Stadtdirektor Dr. Frank Steinfort, Dezernat III / Recht, Öffentliche Sicherheit und Ordnung, Personal und Organisation. 07.02.2012 Foto: Walter SchernsteinWie viele andere Kommunen hatte Mülheim im vergangenen Jahrzehnt eine Reihe von Zins-Swap-Geschäften abgeschlossen. Durch die Geschäfte sollten die Zinsbelastung reduziert und Flexibilität durch schnelle und einfache Anpassung an veränderte Marktbedingungen oder Liquiditätsstrukturen geschaffen werden.

Dieses „aktive Zinsmanagement“ wurde seinerzeit durch das Innenministerium und die Gemeindeprüfungsanstalt des Landes NRW den Kommunen empfohlen beziehungsweise von ihnen auch erwartet. Nicht nur Kommunen schlossen diese Geschäfte ab, sondern auch Banken, Unternehmen und Bundesländer.

Negative Entwicklung entgegen den Prognosen von Fachleuten

In der Folge entwickelten sich bei einigen Geschäften die Zinsen leider entgegen der als sicher geglaubten Prognose der beratenden Kreditinstitute, was für die Stadt Mülheim zu einem Schaden in Millionenhöhe führte.

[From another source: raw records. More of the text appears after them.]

lemma telescoped_descent_bound:
  fixes e D F :: "nat \<Rightarrow> real" and K :: nat and a C s :: real
  assumes e0: "e 0 = 0" and e1: "e 1 \<le> a" and a: "0 \<le> a"
    and step: "\<And>k t. 1 \<le> k \<Longrightarrow> t > 0 \<Longrightarrow> e (Suc k) \<le> (1 + t) * e k + (1 + 1 / t) * D k"
    and D: "\<And>k. 0 \<le> D k"
    and descent: "\<And>k. 1 \<le> k \<Longrightarrow> k < K \<Longrightarrow> D k \<le> C * (F k - F (Suc k))"
    and C: "0 < C" and s: "F 1 - F K \<le> s"
  shows "e K \<le> 2 * K * C * s + 2 * a"
proof (cases K)
  case 0
  then show ?thesis using e0 a by simp
next
  case (Suc m)
  have telescope: "(\<Sum>j=1..m. F j - F (Suc j)) = F 1 - F K"
    unfolding Suc by (induction m) (simp_all add: sum.cl_ivl_Suc)
  have "(\<Sum>j=1..m. D j) \<le> (\<Sum>j=1..m. C * (F j - F (Suc j)))"
    using Suc by (intro sum_mono descent) auto
  also have "\<dots> = C * (F 1 - F K)"
    unfolding telescope[symmetric] by (simp add: sum_distrib_left)
  also have "\<dots> \<le> C * s"
    using C s by (intro mult_left_mono) auto
  finally have sum_D: "(\<Sum>j=1..m. D j) \<le> C * s" .
  moreover have sum_D_nonneg: "0 \<le> (\<Sum>j=1..m. D j)"
    using D by (simp add: sum_nonneg)
  ultimately have Cs: "0 \<le> C * s" by linarith
  show ?thesis
  proof (cases "m = 0")
    case True
    then show ?thesis using Suc e1 a Cs by simp
  next
    case False
    have "e K \<le> 2 * e 1 + 2 * m * (\<Sum>j=1..m. D j)"
      using young_recursion_bound[of m e D] step False Suc by simp
    also have "\<dots> \<le> 2 * a + 2 * K * (C * s)"
      using e1 sum_D sum_D_nonneg Suc by (intro add_mono mult_left_mono mult_mono) auto
    finally show ?thesis by (simp add: algebra_simps)
  qed
qed

lemma summable_power2_times_geometric:
  fixes q :: real
  assumes "0 \<le> q" "q < 1"
  shows "summable (\<lambda>n. q ^ n * real n ^ 2)"
proof -
  define s where "s = sqrt q"
  have s: "0 \<le> s" "s < 1" and q: "q = s^2"
    using assms by (auto simp: s_def real_sqrt_lt_1_iff)
  \<comment> \<open>q^n n^2 is the product of two copies of n s^n: one bounded, the other summable\<close>
  have "Bseq (\<lambda>n. real n * s ^ n)"
    using powser_times_n_limit_0[of s] s by (auto intro: convergent_imp_Bseq convergentI)
  then obtain B where B: "\<And>n. norm (real n * s ^ n) \<le> B"
    by (auto simp: Bseq_def)
  have "summable (\<lambda>n. s ^ n * real n)"
    using geometric_sums_times_n[of s] s by (auto simp: sums_iff)
  then show ?thesis
  proof (rule summable_comparison_test[OF _ summable_mult, rotated])
    have "norm (q ^ n * real n ^ 2) \<le> B * (s ^ n * real n)" for n
      using mult_right_mono[OF B[of n], of "s ^ n * real n"] s
      by (simp add: q power2_eq_square power_mult_distrib[symmetric] power_mult[symmetric] mult_ac)
    then show "\<exists>N. \<forall>n\<ge>N. norm (q ^ n * real n ^ 2) \<le> B * (s ^ n * real n)"
      by blast
  qed
qed

lemma integrable_geometric_pmf_power2:
  assumes "p \<in> {0<..1}"
  shows "integrable (geometric_pmf p) (\<lambda>N. real N ^ 2)"
proof -
  have "summable (\<lambda>N. p * ((1 - p) ^ N * real N ^ 2))"
    using assms by (intro summable_mult summable_power2_times_geometric) auto
  then show ?thesis
    unfolding measure_pmf_eq_density using assms
    by (subst integrable_density) (auto simp: integrable_count_space_nat_iff mult_ac)
qed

Rechtsentwicklung zugunsten der Kommunen

Eine erste rechtliche Prüfung im Jahr 2008 ergab aber trotz des erheblichen Schadens, dass eine Klage gegen die Banken nach damaliger Rechtslage keine Aussicht auf Erfolg hätte. Auch die Rechtsprechung reagierte in dieser Zeit auf den Versuch geschädigter Kommunen, die in Folge der Falschberatung erlittenen Verluste abzuwenden, uneinheitlich. Eine Reihe von Klagen Geschädigter wurde von Landgerichten und Oberlandesgerichten abgewiesen.

Erst am 22. März 2011 sprach der Bundesgerichtshof (BGH) das erste Urteil in einem Swap-Fall. Im konkreten Fall ging es um einen mittelständischen Unternehmer, dem hochspekulative Zinsderivate (Spread Ladder Swaps) als Mittel zur Zinsoptimierung verkauft worden waren. Die Deutsche Bank, die dem Unternehmen den Kauf empfohlen hatte, wurde zur Zahlung von Schadensersatz in kompletter Höhe verurteilt, weil sie ihre Aufklärungspflichten verletzt hatte.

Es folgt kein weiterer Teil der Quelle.